BEGIN The input

(* Let $X$ and $Y$ be connected finite undirected graphs, each with $n$ vertices, and let $p>n$ be a prime. Let $Z$ be the disjoint union of $p$ connected components $Z_1,\ldots,Z_p$, where $Z_i$ is an isomorphic copy of $X$ for each $1\le i<p$ and $Z_p$ is an isomorphic copy of $Y$. If the cyclic group $\mathbb{Z}/p\mathbb{Z}$ is representable on $Z$, then $X$ and $Y$ are isomorphic.
   Context: For a graph $W$, $\mathrm{Aut}(W)$ denotes its automorphism group (permutations of the vertex set mapping edges to edges and non-edges to non-edges). A finite group $G$ is said to be representable on a graph $W$ if there exists a nontrivial homomorphism from $G$ to $\mathrm{Aut}(W)$ (i.e. one not mapping every element to the identity). *)

theory Defs
  imports "HOL-Algebra.Elementary_Groups" "HOL-Algebra.Bij" "HOL-Computational_Algebra.Primes"
begin

definition fin_graph :: "'a set \<Rightarrow> ('a \<Rightarrow> 'a \<Rightarrow> bool) \<Rightarrow> bool" where
  "fin_graph V E \<longleftrightarrow> finite V \<and> (\<forall>u v. E u v \<longrightarrow> u \<in> V \<and> v \<in> V)
     \<and> (\<forall>u v. E u v \<longrightarrow> E v u) \<and> (\<forall>u. \<not> E u u)"

definition connected_graph :: "'a set \<Rightarrow> ('a \<Rightarrow> 'a \<Rightarrow> bool) \<Rightarrow> bool" where
  "connected_graph V E \<longleftrightarrow> V \<noteq> {} \<and> (\<forall>u\<in>V. \<forall>v\<in>V. E\<^sup>*\<^sup>* u v)"

definition graph_iso :: "'a set \<Rightarrow> ('a \<Rightarrow> 'a \<Rightarrow> bool) \<Rightarrow> 'b set \<Rightarrow> ('b \<Rightarrow> 'b \<Rightarrow> bool) \<Rightarrow> bool" where
  "graph_iso V E V' E' \<longleftrightarrow> (\<exists>f. bij_betw f V V' \<and> (\<forall>u\<in>V. \<forall>v\<in>V. E u v \<longleftrightarrow> E' (f u) (f v)))"

definition aut_group :: "'a set \<Rightarrow> ('a \<Rightarrow> 'a \<Rightarrow> bool) \<Rightarrow> ('a \<Rightarrow> 'a) monoid" where
  "aut_group V E =
    \<lparr>carrier = {f \<in> Bij V. \<forall>u\<in>V. \<forall>v\<in>V. E u v \<longleftrightarrow> E (f u) (f v)},
     monoid.mult = \<lambda>g\<in>Bij V. \<lambda>f\<in>Bij V. compose V g f,
     one = \<lambda>x\<in>V. x\<rparr>"

definition representable :: "'g monoid \<Rightarrow> 'a set \<Rightarrow> ('a \<Rightarrow> 'a \<Rightarrow> bool) \<Rightarrow> bool" where
  "representable G V E \<longleftrightarrow>
     (\<exists>h \<in> hom G (aut_group V E). \<exists>g \<in> carrier G. h g \<noteq> \<one>\<^bsub>aut_group V E\<^esub>)"

definition union_verts :: "nat \<Rightarrow> 'a set \<Rightarrow> 'a set \<Rightarrow> (nat \<times> 'a) set" where
  "union_verts p V1 V2 = {(i, v). 1 \<le> i \<and> i < p \<and> v \<in> V1} \<union> {(i, v). i = p \<and> v \<in> V2}"

definition union_edges :: "nat \<Rightarrow> ('a \<Rightarrow> 'a \<Rightarrow> bool) \<Rightarrow> ('a \<Rightarrow> 'a \<Rightarrow> bool)
    \<Rightarrow> (nat \<times> 'a) \<Rightarrow> (nat \<times> 'a) \<Rightarrow> bool" where
  "union_edges p E1 E2 = (\<lambda>(i, u) (j, v). i = j \<and>
      ((1 \<le> i \<and> i < p \<and> E1 u v) \<or> (i = p \<and> E2 u v)))"

end

theory Submission
  imports Defs "HOL-Combinatorics.Orbits"
begin
(* For every input $\sigma$ of List Update with Delays, every time $t$ and every $N\in[n]$, let $K$ be the set of indices $k\in[m]$ such that $e_k$ lies in one of positions $1,\dots,N$ of ALG's list at time $t$ and $r_k$ is, at time $t$, either active in ALG or frozen with $RC_k$ in ALG. Then $$\sum_{k\in K}d_k\le 2N.$$
   Context: List Update with Delays. A set $\mathbb{E}$ of $n$ elements is kept in an ordered list (position $1$ is the head). An input $\sigma$ is a sequence of requests $r_1,\dots,r_m$; request $r_k$ specifies an element $e_k\in\mathbb{E}$, an arrival time $a_k$ and a delay function $D_k$ which is non-negative, non-decreasing, and $0$ up to time $a_k$. An algorithm may perform an access up to position $i$ at cost $i$, serving every pending request whose element currently lies in positions $1,\dots,i$, and may swap adjacent elements at cost $1$; actions are instantaneous. A request served at time $s$ incurs delay cost $D_k(s)$. Algorithm ALG maintains a request counter $RC_k$ for each request and an element counter $EC_e$ for each element, with $EC_e=0$ initially. When $r_k$ arrives, $RC_k$ is created with value $0$. While $r_k$ is pending in ALG, $RC_k$ and $EC_{e_k}$ each increase by exactly the delay $r_k$ incurs; after $r_k$ is served, $RC_k$ stops increasing until it is deleted. Events: (i) prefix-request-counters event on $\ell\in[n]$, occurring when the sum of the non-deleted request counters of requests whose elements are currently in positions $1,\dots,\ell$ reaches $\ell$: ALG accesses the first $\min(2\ell,n)$ positions and deletes the request counters of requests for the elements in the first $\ell$ positions; (ii) element-counter event on $e$, occurring when $EC_e$ reaches the current position $\ell$ of $e$: ALG accesses the first $\min(2\ell,n)$ positions, deletes all request counters of requests for $e$, sets $EC_e\leftarrow 0$, and moves $e$ to the front by $\ell-1$ adjacent swaps. For a request $r_k$ let $s_k$ be the time ALG serves it ($s_k=\infty$ if never); $d_k(t)=D_k(\min(t,s_k))$ and $d_k=\sup_t d_k(t)$. Request $r_k$ is active in ALG from its arrival until ALG serves it; frozen with $RC_k$ from the time ALG serves it until $RC_k$ is deleted; frozen without $RC_k$ from the deletion of $RC_k$ until the next element-counter event on $e_k$ (at which $EC_{e_k}$ is zeroed); deleted afterwards. *)

theory Defs
  imports "HOL-Analysis.Analysis"
begin

(* Elements are 0..<n, requests are 0..<m.  Request k asks for element  el k,
   arrives at time  arr k  and has delay function  D k.
   The list is a  nat list  (head = position 1); the initial list is L0.
   An execution of ALG is described by the finite list  evs  of its events,
   each a pair (time, action), in the order ALG performs them. *)

datatype act = PrefixEv nat  (* prefix-request-counters event on l *)
             | ElemEv nat

(* 1-based position of x in the list *)
fun lpos :: "nat list \<Rightarrow> nat \<Rightarrow> nat" where
  "lpos [] x = 0"
| "lpos (y # ys) x = (if x = y then 1 else Suc (lpos ys x))"

fun apply_act :: "nat list \<Rightarrow> act \<Rightarrow> nat list" where
  "apply_act L (PrefixEv l) = L"
| "apply_act L (ElemEv e) = e # remove1 e L"

definition lst :: "nat list \<Rightarrow> (real \<times> act) list \<Rightarrow> nat \<Rightarrow> nat list" where
  "lst L0 evs j = foldl (\<lambda>L a. apply_act L (snd a)) L0 (take j evs)"

fun thr :: "nat list \<Rightarrow> act \<Rightarrow> nat" where
  "thr L (PrefixEv l) = l"
| "thr L (ElemEv e) = lpos L e"

(* event i (an access to the first min(2l,n) positions) serves request k *)
definition serves :: "nat \<Rightarrow> (nat \<Rightarrow> nat) \<Rightarrow> (nat \<Rightarrow> real) \<Rightarrow> nat list
    \<Rightarrow> (real \<times> act) list \<Rightarrow> nat \<Rightarrow> nat \<Rightarrow> bool" where
  "serves n el arr L0 evs i k \<longleftrightarrow> i < length evs \<and> arr k \<le> fst (evs ! i) \<and>
     lpos (lst L0 evs i) (el k) \<le> min (2 * thr (lst L0 evs i) (snd (evs ! i))) n"

definition served_before where
  "served_before n el arr L0 evs j k \<longleftrightarrow> (\<exists>i<j. serves n el arr L0 evs i k)"

definition served where
  "served n el arr L0 evs k \<longleftrightarrow> (\<exists>i. serves n el arr L0 evs i k)"

(* s_k : time at which ALG serves r_k (only meaningful if served) *)
definition stime where
  "stime n el arr L0 evs k = fst (evs ! (LEAST i. serves n el arr L0 evs i k))"

(* d_k(t) = D_k(min(t, s_k)), with s_k = infinity if never served *)
definition dfun :: "nat \<Rightarrow> (nat \<Rightarrow> nat) \<Rightarrow> (nat \<Rightarrow> real) \<Rightarrow> (nat \<Rightarrow> real \<Rightarrow> real)
    \<Rightarrow> nat list \<Rightarrow> (real \<times> act) list \<Rightarrow> nat \<Rightarrow> real \<Rightarrow> real" where
  "dfun n el arr D L0 evs k t =
     D k (if served n el arr L0 evs k then min t (stime n el arr L0 evs k) else t)"
definition mat_cone :: "(complex \<Rightarrow> 'v::{zero,plus} \<Rightarrow> 'v) \<Rightarrow> (nat \<Rightarrow> nat \<Rightarrow> 'v) set \<Rightarrow> bool" where
  "mat_cone sc K \<longleftrightarrow> (\<lambda>i j. 0) \<in> K
     \<and> (\<forall>A\<in>K. \<forall>B\<in>K. mat_add A B \<in> K)
     \<and> (\<forall>A\<in>K. \<forall>t::real. t \<ge> 0 \<longrightarrow> mat_scale sc (complex_of_real t) A \<in> K)"

definition matrix_ordering :: "(complex \<Rightarrow> 'v::comm_monoid_add \<Rightarrow> 'v) \<Rightarrow> ('v \<Rightarrow> 'v)
     \<Rightarrow> (nat \<Rightarrow> (nat \<Rightarrow> nat \<Rightarrow> 'v) set) \<Rightarrow> bool" where
  "matrix_ordering sc st C \<longleftrightarrow>
     (\<forall>n\<ge>1. mat_cone sc (C n) \<and> C n \<subseteq> hermitian_mats st n)
     \<and> (\<forall>n\<ge>1. \<forall>m\<ge>1. \<forall>\<alpha> X. X \<in> C n \<longrightarrow> conj_mult sc n m \<alpha> X \<in> C m)"

definition mat_span :: "(complex \<Rightarrow> 'v::comm_monoid_add \<Rightarrow> 'v) \<Rightarrow> (nat \<Rightarrow> nat \<Rightarrow> 'v) set
     \<Rightarrow> (nat \<Rightarrow> nat \<Rightarrow> 'v) set" where
  "mat_span sc S = {X. \<exists>F c. finite F \<and> F \<subseteq> S \<and> X = (\<lambda>i j. \<Sum>A\<in>F. sc (c A) (A i j))}"

definition mat_neg :: "(nat \<Rightarrow> nat \<Rightarrow> 'v::uminus) \<Rightarrow> (nat \<Rightarrow> nat \<Rightarrow> 'v)" where
  "mat_neg A = (\<lambda>i j. - A i j)"

definition Jn :: "(complex \<Rightarrow> 'v::ab_group_add \<Rightarrow> 'v) \<Rightarrow> (nat \<Rightarrow> (nat \<Rightarrow> nat \<Rightarrow> 'v) set) \<Rightarrow> nat
     \<Rightarrow> (nat \<Rightarrow> nat \<Rightarrow> 'v) set" where
  "Jn sc C n = mat_span sc (C n \<inter> mat_neg ` C n)"

definition J1 :: "(complex \<Rightarrow> 'v::ab_group_add \<Rightarrow> 'v) \<Rightarrow> (nat \<Rightarrow> (nat \<Rightarrow> nat \<Rightarrow> 'v) set) \<Rightarrow> 'v set" where
  "J1 sc C = (\<lambda>A. A 0 0) ` Jn sc C 1"

end

theory Submission imports Defs begin

text \<open>Polarization: the matrix unit \<open>E\<^sub>p\<^sub>q\<close> is the combination
  \<open>\<Sum>k<4. cnj (\<i>^k)/4 \<cdot> u\<^sub>k u\<^sub>k\<^sup>*\<close> of rank-one matrices, where
  \<open>u\<^sub>k = e\<^sub>p + \<i>^k e\<^sub>q\<close> (also when p = q). Compressing an element of
  \<open>J\<^sub>n\<close> by the columns \<open>u\<^sub>k\<close> therefore yields its (p,q) entry as a combination of
  elements of \<open>J\<^sub>1\<close>; conversely, compressing an element v of \<open>J\<^sub>1\<close> by the rows \<open>u\<^sub>k\<close>
  yields \<open>E\<^sub>p\<^sub>q \<otimes> v\<close> as a combination of elements of \<open>J\<^sub>n\<close>. Both uses rest on the
  fact that compressions map \<open>C\<^sub>n \<inter> -C\<^sub>n\<close> into \<open>C\<^sub>m \<inter> -C\<^sub>m\<close> and hence, being linear,
  \<open>J\<^sub>n\<close> into \<open>J\<^sub>m\<close>.\<close>

definition polar_vec :: "nat \<Rightarrow> nat \<Rightarrow> nat \<Rightarrow> nat \<Rightarrow> complex" where
  "polar_vec p q k i = of_bool (i = p) + \<i> ^ k * of_bool (i = q)"

lemma polarization:
  "(\<Sum>k<4. cnj (\<i> ^ k) / 4 * (cnj (polar_vec p q k i) * polar_vec p q k j))
     = of_bool (i = p \<and> j = q)"
  unfolding polar_vec_def
  by (cases "i = p"; cases "i = q"; cases "j = p"; cases "j = q")
     (simp_all add: eval_nat_numeral field_simps)

definition single_entry :: "nat \<Rightarrow> nat \<Rightarrow> 'v::zero \<Rightarrow> nat \<Rightarrow> nat \<Rightarrow> 'v" where
  "single_entry p q x = (\<lambda>i j. if i = p \<and> j = q then x else 0)"

lemma sum_sum_delta:
  fixes f :: "nat \<Rightarrow> nat \<Rightarrow> 'a::comm_monoid_add"
  shows "(\<Sum>p<n. \<Sum>q<n. if i = p \<and> j = q then f p q else 0)
     = (if i < n \<and> j < n then f i j else 0)"
proof -
  have "(\<Sum>p<n. \<Sum>q<n. if i = p \<and> j = q then f p q else 0)
      = (\<Sum>p<n. if i = p then \<Sum>q<n. if j = q then f p q else 0 else 0)"
    by (intro sum.cong) auto
  then show ?thesis by simp
qed

lemma Mn_sum_single_entry:
  fixes X :: "nat \<Rightarrow> nat \<Rightarrow> 'v::comm_monoid_add"
  assumes "X \<in> Mn n"
  shows "X = (\<lambda>i j. \<Sum>p<n. \<Sum>q<n. single_entry p q (X p q) i j)"
  using assms by (intro ext) (auto simp: Mn_def single_entry_def sum_sum_delta)

context
  fixes sc :: "complex \<Rightarrow> 'v::ab_group_add \<Rightarrow> 'v"
  assumes vs: "vector_space sc"
begin

interpretation V: vector_space sc by (rule vs)

lemma mat_span_zero: "(\<lambda>i j. 0) \<in> mat_span sc S"
  unfolding mat_span_def by (intro CollectI exI[of _ "{}"]) auto

lemma mat_span_base: "A \<in> S \<Longrightarrow> A \<in> mat_span sc S"
  unfolding mat_span_def by (intro CollectI exI[of _ "{A}"] exI[of _ "\<lambda>_. 1"]) auto

lemma mat_span_scale:
  assumes "X \<in> mat_span sc S"
  shows "mat_scale sc d X \<in> mat_span sc S"
proof -
  obtain F c where F: "finite F" "F \<subseteq> S" "X = (\<lambda>i j. \<Sum>A\<in>F. sc (c A) (A i j))"
    using assms unfolding mat_span_def by blast
  have "mat_scale sc d X = (\<lambda>i j. \<Sum>A\<in>F. sc (d * c A) (A i j))"
    unfolding F(3) mat_scale_def by (simp add: V.scale_sum_right)
  with F show ?thesis
    unfolding mat_span_def by (intro CollectI exI[of _ F] exI[of _ "\<lambda>A. d * c A"]) simp
qed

END The input

[Description of the task] Reprint exactly the lines above that start at the one with "('v \<Rightarrow> 'v)" and end at the one with "text \<open>Polarization: the", keeping both and adding none.

[Task response]
definition matrix_ordering :: "(complex \<Rightarrow> 'v::comm_monoid_add \<Rightarrow> 'v) \<Rightarrow> ('v \<Rightarrow> 'v)
     \<Rightarrow> (nat \<Rightarrow> (nat \<Rightarrow> nat \<Rightarrow> 'v) set) \<Rightarrow> bool" where
  "matrix_ordering sc st C \<longleftrightarrow>
     (\<forall>n\<ge>1. mat_cone sc (C n) \<and> C n \<subseteq> hermitian_mats st n)
     \<and> (\<forall>n\<ge>1. \<forall>m\<ge>1. \<forall>\<alpha> X. X \<in> C n \<longrightarrow> conj_mult sc n m \<alpha> X \<in> C m)"

definition mat_span :: "(complex \<Rightarrow> 'v::comm_monoid_add \<Rightarrow> 'v) \<Rightarrow> (nat \<Rightarrow> nat \<Rightarrow> 'v) set
     \<Rightarrow> (nat \<Rightarrow> nat \<Rightarrow> 'v) set" where
  "mat_span sc S = {X. \<exists>F c. finite F \<and> F \<subseteq> S \<and> X = (\<lambda>i j. \<Sum>A\<in>F. sc (c A) (A i j))}"

definition mat_neg :: "(nat \<Rightarrow> nat \<Rightarrow> 'v::uminus) \<Rightarrow> (nat \<Rightarrow> nat \<Rightarrow> 'v)" where
  "mat_neg A = (\<lambda>i j. - A i j)"

definition Jn :: "(complex \<Rightarrow> 'v::ab_group_add \<Rightarrow> 'v) \<Rightarrow> (nat \<Rightarrow> (nat \<Rightarrow> nat \<Rightarrow> 'v) set) \<Rightarrow> nat
     \<Rightarrow> (nat \<Rightarrow> nat \<Rightarrow> 'v) set" where
  "Jn sc C n = mat_span sc (C n \<inter> mat_neg ` C n)"

definition J1 :: "(complex \<Rightarrow> 'v::ab_group_add \<Rightarrow> 'v) \<Rightarrow> (nat \<Rightarrow> (nat \<Rightarrow> nat \<Rightarrow> 'v) set) \<Rightarrow> 'v set" where
  "J1 sc C = (\<lambda>A. A 0 0) ` Jn sc C 1"

end

theory Submission imports Defs begin

text \<open>Polarization: the matrix unit \<open>E\<^sub>p\<^sub>q\<close> is the combination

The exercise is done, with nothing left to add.